FIA: Mercedes pit stop bluff ‘part of the game’

Formula 1

MONZA, Italy — FIA race director Charlie Whiting has rubbished suggestions Mercedes broke the sporting regulations at the Italian Grand Prix by bringing their pit crew into the pit lane without making a pit stop.

The Mercedes pit crew assembled twice in the pit lane on lap 20 and lap 21 without completing a pit stop before Lewis Hamilton finally made his stop on lap 28 and Valtteri Bottas on lap 36.

Under Article 28.12 of the sporting regulations “Team personnel are only allowed in the pit lane immediately before they are required to work on a car and must withdraw as soon as the work is complete.”

Some social media reaction after the race suggested Mercedes may have been in breach of the regulation by bringing their pit crew into the pit lane without making a stop, but Mercedes team boss Toto Wolff said they were simply giving themselves the option of doing the opposite of race leader Kimi Raikkonen, who made his stop on lap 20.

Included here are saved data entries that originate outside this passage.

(* Let $\mathcal G=(G,\pi_G,c_G)$ and $\mathcal H=(H,\pi_H,c_H)$ be in $\mathrm{LiftPMod}(\mathbb B,\mathcal C)$, and let $\varphi:\mathcal G\to\mathcal H$ be a morphism of lifted perceptrons. Then for all $w_G\in\mathrm{Param}(\mathcal G)$ and $w_H\in\mathrm{Param}(\mathcal H)$, if $w_G=\varphi^*w_H$ (i.e. $(w_G)_e=(w_H)_{\varphi(e)}$ for all $e\in E_G$), then $\mathcal F_{\mathcal G}(w_G,\cdot)=\varphi^*\circ\mathcal F_{\mathcal H}(w_H,\cdot)$, i.e. $[\mathcal F_{\mathcal G}(w_G,x)]_v=[\mathcal F_{\mathcal H}(w_H,x)]_{\varphi(v)}$ for every input $x\in\prod_{u\in\mathcal C}\mathcal Y_{p_{\mathcal C}(u)}$ and every $v\in V_G$.
   Context: Graphs: $G=(V,E)$, $V$ finite, $E\subseteq V\times V$; $G(-,v)=\{u:(u,v)\in E\}$. A homomorphism $\varphi:G\to H$ maps vertices with $(u,v)\in E_G\Rightarrow(\varphi(u),\varphi(v))\in E_H$, and acts on edges by $\varphi(u,v)=(\varphi(u),\varphi(v))$. A fibration is a homomorphism such that for each $v\in V_G$ the restriction $G(-,v)\to H(-,\varphi(v))$ is a bijection. A Euclidean bundle over a finite set is a family of finite-dimensional real inner product spaces indexed by it. A perceptron module over a finite DAG $B=(V_B,E_B)$ is $\mathbb B=((I_B,T_B),(\mathcal Y,\mathcal Z,\mathcal W),(M,\sigma))$: $I_B\subseteq V_B$ (vertices without parents), $T_B\subseteq V_B$, bundles $\mathcal Y$ over $V_B$, $\mathcal Z,\mathcal W$ over $E_B$, maps $M_{(u,v)}:\mathcal W_{(u,v)}\times\mathcal Y_u\to\mathcal Z_{(u,v)}$ and $\sigma_v:\prod_{u\in B(-,v)}\mathcal Z_{(u,v)}\to\mathcal Y_v$ for $v\notin I_B$. Fix such $\mathbb B$, a finite set $\mathcal C$ and $p_{\mathcal C}:\mathcal C\to I_B$. $\mathrm{LiftPMod}(\mathbb B,\mathcal C)$: triples $(G,\pi,c)$ with $G=(V_G,E_G)$ a graph, $\pi:G\to B$ a homomorphism, $c:\pi^{-1}(I_B)\to\mathcal C$ injective with $p_{\mathcal C}\circ c=\pi$ on $\pi^{-1}(I_B)$. $\mathrm{Param}(\mathcal G)=\prod_{e\in E_G}\mathcal W_{\pi(e)}$. Forward function: $\mathcal F_{\mathcal G}(w,x)=f\in\prod_{v\in V_G}\mathcal Y_{\pi(v)}$ with $f_v=x_{c(v)}$ if $\pi(v)\in I_B$, and otherwise $f_v=\sigma_{\pi(v)}((\sum_{u\in G(-,v)\cap\pi^{-1}(a)}M_{\pi(u,v)}(w_{(u,v)},f_u))_{a\in B(-,\pi(v))})$, defined inductively (G is acyclic). A morphism of lifted perceptrons $\varphi:(G,\pi_G,c_G)\to(H,\pi_H,c_H)$ is a fibration $\varphi:G\to H$ with $\pi_G=\pi_H\circ\varphi$ and $c_G=c_H\circ\varphi$ (on input vertices). *)

theory Defs
  imports "HOL-Analysis.Analysis"
begin

definition is_graph :: "'a set \<Rightarrow> ('a \<times> 'a) set \<Rightarrow> bool" where
  "is_graph V E \<longleftrightarrow> finite V \<and> E \<subseteq> V \<times> V"

definition parents :: "('a \<times> 'a) set \<Rightarrow> 'a \<Rightarrow> 'a set" where
  "parents E v = {u. (u, v) \<in> E}"

definition is_dag :: "'a set \<Rightarrow> ('a \<times> 'a) set \<Rightarrow> bool" where
  "is_dag V E \<longleftrightarrow> is_graph V E \<and> acyclic E"

definition graph_hom ::
  "'a set \<Rightarrow> ('a \<times> 'a) set \<Rightarrow> 'b set \<Rightarrow> ('b \<times> 'b) set \<Rightarrow> ('a \<Rightarrow> 'b) \<Rightarrow> bool" where
  "graph_hom VG EG VH EH \<phi> \<longleftrightarrow>
     (\<forall>v\<in>VG. \<phi> v \<in> VH) \<and> (\<forall>u v. (u, v) \<in> EG \<longrightarrow> (\<phi> u, \<phi> v) \<in> EH)"

definition fibration ::
  "'a set \<Rightarrow> ('a \<times> 'a) set \<Rightarrow> 'b set \<Rightarrow> ('b \<times> 'b) set \<Rightarrow> ('a \<Rightarrow> 'b) \<Rightarrow> bool" where
  "fibration VG EG VH EH \<phi> \<longleftrightarrow> graph_hom VG EG VH EH \<phi> \<and>
     (\<forall>v\<in>VG. bij_betw \<phi> (parents EG v) (parents EH (\<phi> v)))"

(* Each fibre of a Euclidean bundle is
   modelled as a linear subspace of a fixed Euclidean space (so it is a
   finite-dimensional real inner product space).  The product
   \<Prod>_{u \<in> B(-,v)} Z_(u,v) is modelled by functions 'b \<Rightarrow> 'z whose value at each
   parent a of v lies in Z_(a,v) (values at non-parents are irrelevant). *)
record ('b, 'y, 'z, 'w) pmod =
  VB :: "'b set"
  EB :: "('b \<times> 'b) set"
  IB :: "'b set"
  TB :: "'b set"
  Yb :: "'b \<Rightarrow> 'y set"
  Zb :: "'b \<times> 'b \<Rightarrow> 'z set"
  Wb :: "'b \<times> 'b \<Rightarrow> 'w set"
  Mb :: "'b \<times> 'b \<Rightarrow> 'w \<Rightarrow> 'y \<Rightarrow> 'z"
  sig :: "'b \<Rightarrow> ('b \<Rightarrow> 'z) \<Rightarrow> 'y"

definition perceptron_module ::
  "('b, 'y::euclidean_space, 'z::euclidean_space, 'w::euclidean_space) pmod \<Rightarrow> bool" where
  "perceptron_module B \<longleftrightarrow>
     is_dag (VB B) (EB B) \<and>
     IB B \<subseteq> VB B \<and> (\<forall>v\<in>IB B. parents (EB B) v = {}) \<and>
     TB B \<subseteq> VB B \<and>
     (\<forall>v\<in>VB B. subspace (Yb B v)) \<and>
     (\<forall>e\<in>EB B. subspace (Zb B e) \<and> subspace (Wb B e)) \<and>
     (\<forall>u v. (u, v) \<in> EB B \<longrightarrow>
        (\<forall>w y. w \<in> Wb B (u, v) \<longrightarrow> y \<in> Yb B u \<longrightarrow> Mb B (u, v) w y \<in> Zb B (u, v))) \<and>
     (\<forall>v\<in>VB B - IB B. \<forall>g. (\<forall>a\<in>parents (EB B) v. g a \<in> Zb B (a, v))
        \<longrightarrow> sig B v g \<in> Yb B v)"

definition lift_pmod ::
  "('b, 'y, 'z, 'w) pmod \<Rightarrow> 'c set \<Rightarrow> ('c \<Rightarrow> 'b) \<Rightarrow>
   'g set \<Rightarrow> ('g \<times> 'g) set \<Rightarrow> ('g \<Rightarrow> 'b) \<Rightarrow> ('g \<Rightarrow> 'c) \<Rightarrow> bool" where
  "lift_pmod B C p V E \<pi> c \<longleftrightarrow>
     is_graph V E \<and> graph_hom V E (VB B) (EB B) \<pi> \<and>
     (\<forall>v\<in>V. \<pi> v \<in> IB B \<longrightarrow> c v \<in> C \<and> p (c v) = \<pi> v) \<and>
     inj_on c {v\<in>V. \<pi> v \<in> IB B}"

definition param ::
  "('b, 'y, 'z, 'w) pmod \<Rightarrow> ('g \<times> 'g) set \<Rightarrow> ('g \<Rightarrow> 'b) \<Rightarrow> ('g \<times> 'g \<Rightarrow> 'w) set" where
  "param B E \<pi> = {w. \<forall>u v. (u, v) \<in> E \<longrightarrow> w (u, v) \<in> Wb B (\<pi> u, \<pi> v)}"

(* Forward function F_G(w, x), defined by well-founded recursion along the
   edge relation of G (G is acyclic since \<pi> maps it to the DAG B). *)
definition forward ::
  "('b, 'y, 'z::comm_monoid_add, 'w) pmod \<Rightarrow> ('g \<times> 'g) set \<Rightarrow> ('g \<Rightarrow> 'b) \<Rightarrow> ('g \<Rightarrow> 'c) \<Rightarrow>
   ('g \<times> 'g \<Rightarrow> 'w) \<Rightarrow> ('c \<Rightarrow> 'y) \<Rightarrow> 'g \<Rightarrow> 'y" where
  "forward B E \<pi> c w x = wfrec E (\<lambda>f v.
     if \<pi> v \<in> IB B then x (c v)
     else sig B (\<pi> v) (\<lambda>a. if a \<in> parents (EB B) (\<pi> v)
        then (\<Sum>u\<in>{u\<in>parents E v. \<pi> u = a}. Mb B (\<pi> u, \<pi> v) (w (u, v)) (f u))
        else 0))"

definition lifted_morphism ::
  "('b, 'y, 'z, 'w) pmod \<Rightarrow>
   'g set \<Rightarrow> ('g \<times> 'g) set \<Rightarrow> ('g \<Rightarrow> 'b) \<Rightarrow> ('g \<Rightarrow> 'c) \<Rightarrow>
   'h set \<Rightarrow> ('h \<times> 'h) set \<Rightarrow> ('h \<Rightarrow> 'b) \<Rightarrow> ('h \<Rightarrow> 'c) \<Rightarrow> ('g \<Rightarrow> 'h) \<Rightarrow> bool" where
  "lifted_morphism B VG EG \<pi>G cG VH EH \<pi>H cH \<phi> \<longleftrightarrow>
     fibration VG EG VH EH \<phi> \<and>
     (\<forall>v\<in>VG. \<pi>G v = \<pi>H (\<phi> v)) \<and>
     (\<forall>v\<in>VG. \<pi>G v \<in> IB B \<longrightarrow> cG v = cH (\<phi> v))"

end

theory Submission
  imports Defs
begin

text \<open>A fibration
  maps the parents of \<open>v\<close> carrying a given label \<open>a\<close> bijectively onto the parents of \<open>\<phi> v\<close>
  carrying \<open>a\<close>, and the weights of corresponding edges agree; so by well-founded induction
  the two recursions produce the same value at \<open>v\<close> and at \<open>\<phi> v\<close>.\<close>

lemma graph_hom_wf:
  assumes "graph_hom V E V' E' \<pi>" and "wf E'"
  shows "wf E"
proof (rule wf_subset)
  show "wf (inv_image E' \<pi>)" using \<open>wf E'\<close> by blast
  show "E \<subseteq> inv_image E' \<pi>" using assms(1) unfolding graph_hom_def by auto
qed

lemma is_dag_wf:
  assumes "is_dag V E"
  shows "wf E"
proof (rule finite_acyclic_wf)
  show "finite E"
    using assms unfolding is_dag_def is_graph_def by (meson finite_SigmaI finite_subset)
  show "acyclic E" using assms unfolding is_dag_def by blast
qed

lemma lift_pmod_wf:
  assumes "perceptron_module B" and "lift_pmod B C p V E \<pi> c"
  shows "wf E"
proof (rule graph_hom_wf)
  show "graph_hom V E (VB B) (EB B) \<pi>" using assms(2) unfolding lift_pmod_def by blast
  show "wf (EB B)" using assms(1) is_dag_wf unfolding perceptron_module_def by blast
qed

lemma forward_unfold:
  assumes "wf E"
  shows "forward B E \<pi> c w x v =
    (if \<pi> v \<in> IB B then x (c v)
     else sig B (\<pi> v) (\<lambda>a. if a \<in> parents (EB B) (\<pi> v)
        then (\<Sum>u\<in>{u\<in>parents E v. \<pi> u = a}. Mb B (\<pi> u, \<pi> v) (w (u, v)) (forward B E \<pi> c w x u))
        else 0))"
  unfolding forward_def
  by (subst wfrec[OF assms])
    (auto simp: cut_apply parents_def intro!: sum.cong arg_cong[where f = "sig B _"])

lemma lifted_morphism_bij_betw_labelled_parents:
  assumes "lifted_morphism B VG EG \<pi>G cG VH EH \<pi>H cH \<phi>" and "EG \<subseteq> VG \<times> VG" and "v \<in> VG"
  shows "bij_betw \<phi> {u\<in>parents EG v. \<pi>G u = a} {u\<in>parents EH (\<phi> v). \<pi>H u = a}"
proof (rule bij_betw_Collect)
  show "bij_betw \<phi> (parents EG v) (parents EH (\<phi> v))"
    using assms(1,3) unfolding lifted_morphism_def fibration_def by blast
  show "\<pi>H (\<phi> u) = a \<longleftrightarrow> \<pi>G u = a" if "u \<in> parents EG v" for u
    using assms(1,2) that unfolding lifted_morphism_def parents_def by auto
qed

lemma forward_lifted_morphism:
  assumes "wf EG" and "wf EH" and "EG \<subseteq> VG \<times> VG"
    and morphism: "lifted_morphism B VG EG \<pi>G cG VH EH \<pi>H cH \<phi>"
    and weights: "\<forall>u v. (u, v) \<in> EG \<longrightarrow> wG (u, v) = wH (\<phi> u, \<phi> v)"
    and "v \<in> VG"
  shows "forward B EG \<pi>G cG wG x v = forward B EH \<pi>H cH wH x (\<phi> v)"
  using \<open>wf EG\<close> \<open>v \<in> VG\<close>
proof (induction v rule: wf_induct_rule)
  case (less v)
  let ?FG = "forward B EG \<pi>G cG wG x" and ?FH = "forward B EH \<pi>H cH wH x"
  have same_label: "\<And>u. u \<in> VG \<Longrightarrow> \<pi>G u = \<pi>H (\<phi> u)"
    and same_input: "\<pi>G v \<in> IB B \<Longrightarrow> cG v = cH (\<phi> v)"
    using morphism \<open>v \<in> VG\<close> unfolding lifted_morphism_def by auto
  have sums_eq:
    "(\<Sum>u\<in>{u\<in>parents EG v. \<pi>G u = a}. Mb B (\<pi>G u, \<pi>G v) (wG (u, v)) (?FG u))
   = (\<Sum>u\<in>{u\<in>parents EH (\<phi> v). \<pi>H u = a}. Mb B (\<pi>H u, \<pi>H (\<phi> v)) (wH (u, \<phi> v)) (?FH u))"
    for a
  proof -
    have "bij_betw \<phi> {u\<in>parents EG v. \<pi>G u = a} {u\<in>parents EH (\<phi> v). \<pi>H u = a}"
      using morphism \<open>EG \<subseteq> VG \<times> VG\<close> \<open>v \<in> VG\<close> by (rule lifted_morphism_bij_betw_labelled_parents)
    then have "(\<Sum>u\<in>{u\<in>parents EH (\<phi> v). \<pi>H u = a}. Mb B (\<pi>H u, \<pi>H (\<phi> v)) (wH (u, \<phi> v)) (?FH u))
      = (\<Sum>u\<in>{u\<in>parents EG v. \<pi>G u = a}.
           Mb B (\<pi>H (\<phi> u), \<pi>H (\<phi> v)) (wH (\<phi> u, \<phi> v)) (?FH (\<phi> u)))"
      by (rule sum.reindex_bij_betw[symmetric])
    also have "\<dots> = (\<Sum>u\<in>{u\<in>parents EG v. \<pi>G u = a}. Mb B (\<pi>G u, \<pi>G v) (wG (u, v)) (?FG u))"
    proof (rule sum.cong[OF refl])
      fix u assume "u \<in> {u\<in>parents EG v. \<pi>G u = a}"
      then have "(u, v) \<in> EG" and "u \<in> VG" using \<open>EG \<subseteq> VG \<times> VG\<close> by (auto simp: parents_def)
      then show "Mb B (\<pi>H (\<phi> u), \<pi>H (\<phi> v)) (wH (\<phi> u, \<phi> v)) (?FH (\<phi> u))
          = Mb B (\<pi>G u, \<pi>G v) (wG (u, v)) (?FG u)"
        using less.IH weights same_label \<open>v \<in> VG\<close> by simp
    qed
    finally show ?thesis by simp
  qed
  note unfold_G = forward_unfold[OF \<open>wf EG\<close>, of _ _ _ _ _ v]
    and unfold_H = forward_unfold[OF \<open>wf EH\<close>, of _ _ _ _ _ "\<phi> v"]
  have label_v: "\<pi>H (\<phi> v) = \<pi>G v" using same_label \<open>v \<in> VG\<close> by simp
  show ?case
  proof (cases "\<pi>G v \<in> IB B")
    case True
    then show ?thesis using same_input by (simp add: unfold_G unfold_H label_v)
  next
    case False
    \<comment> \<open>With the full simpset, \<open>\<pi>G u\<close> would be rewritten to \<open>a\<close> inside the sums and \<open>sums_eq\<close> would no longer match.\<close>
    then show ?thesis by (simp only: unfold_G unfold_H label_v sums_eq if_False)
  qed
qed

theorem proposition3:
  fixes B :: "('b, 'y::euclidean_space, 'z::euclidean_space, 'w::euclidean_space) pmod"
    and C :: "'c set" and p :: "'c \<Rightarrow> 'b"
    and VG :: "'g set" and EG :: "('g \<times> 'g) set" and \<pi>G :: "'g \<Rightarrow> 'b" and cG :: "'g \<Rightarrow> 'c"
    and VH :: "'h set" and EH :: "('h \<times> 'h) set" and \<pi>H :: "'h \<Rightarrow> 'b" and cH :: "'h \<Rightarrow> 'c"
    and \<phi> :: "'g \<Rightarrow> 'h"
    and wG :: "'g \<times> 'g \<Rightarrow> 'w" and wH :: "'h \<times> 'h \<Rightarrow> 'w" and x :: "'c \<Rightarrow> 'y"
  assumes "perceptron_module B"
    and "finite C" and "\<forall>u\<in>C. p u \<in> IB B"
    and "lift_pmod B C p VG EG \<pi>G cG"
    and "lift_pmod B C p VH EH \<pi>H cH"
    and "lifted_morphism B VG EG \<pi>G cG VH EH \<pi>H cH \<phi>"
    and "wG \<in> param B EG \<pi>G" and "wH \<in> param B EH \<pi>H"
    and "\<forall>u v. (u, v) \<in> EG \<longrightarrow> wG (u, v) = wH (\<phi> u, \<phi> v)"
    and "\<forall>u\<in>C. x u \<in> Yb B (p u)"
  shows "\<forall>v\<in>VG. forward B EG \<pi>G cG wG x v = forward B EH \<pi>H cH wH x (\<phi> v)"
proof
  fix v assume "v \<in> VG"
  show "forward B EG \<pi>G cG wG x v = forward B EH \<pi>H cH wH x (\<phi> v)"
  proof (rule forward_lifted_morphism)
    show "wf EG" using assms(1,4) by (rule lift_pmod_wf)
    show "wf EH" using assms(1,5) by (rule lift_pmod_wf)
    show "EG \<subseteq> VG \<times> VG" using assms(4) unfolding lift_pmod_def is_graph_def by blast
  qed (use assms(6,9) \<open>v \<in> VG\<close> in auto)
qed

end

“It wasn’t a phantom stop,” Wolff said. “You need to be prepared if you undercut or overcut. We didn’t know if Kimi was coming in so the message was to do the opposite. Doing the opposite means you need to have the pit crew prepared.”

Whiting said Article 28.12 exists in the sporting regulations to stop the pit lane becoming crowded and that he has no problem with teams changing their mind about a pit stop at the last minute.

“My feeling is that it is all part of the game,” he said. “We don’t like teams hanging around in the pit lane if they are not actually doing a pit stop, but if they come out as if there are going to do one … if they did it every lap I think we would have something to say.

“But they may well have been thinking about doing one and then changed their mind, so unless someone does something overtly incorrect I don’t think we will do anything about it.”

When it was put to Whiting that Mercedes pit box was directly in front of Ferrari’s and the presence of the pit crew may have obstructed Raikkonen’s approach to his own pit box, the FIA race director added: “If they do then we will have a look at it. If it’s clear that that’s what they are doing, to make it more difficult for another car to come in and they had no intention of pitting, then we might well want to investigate it.”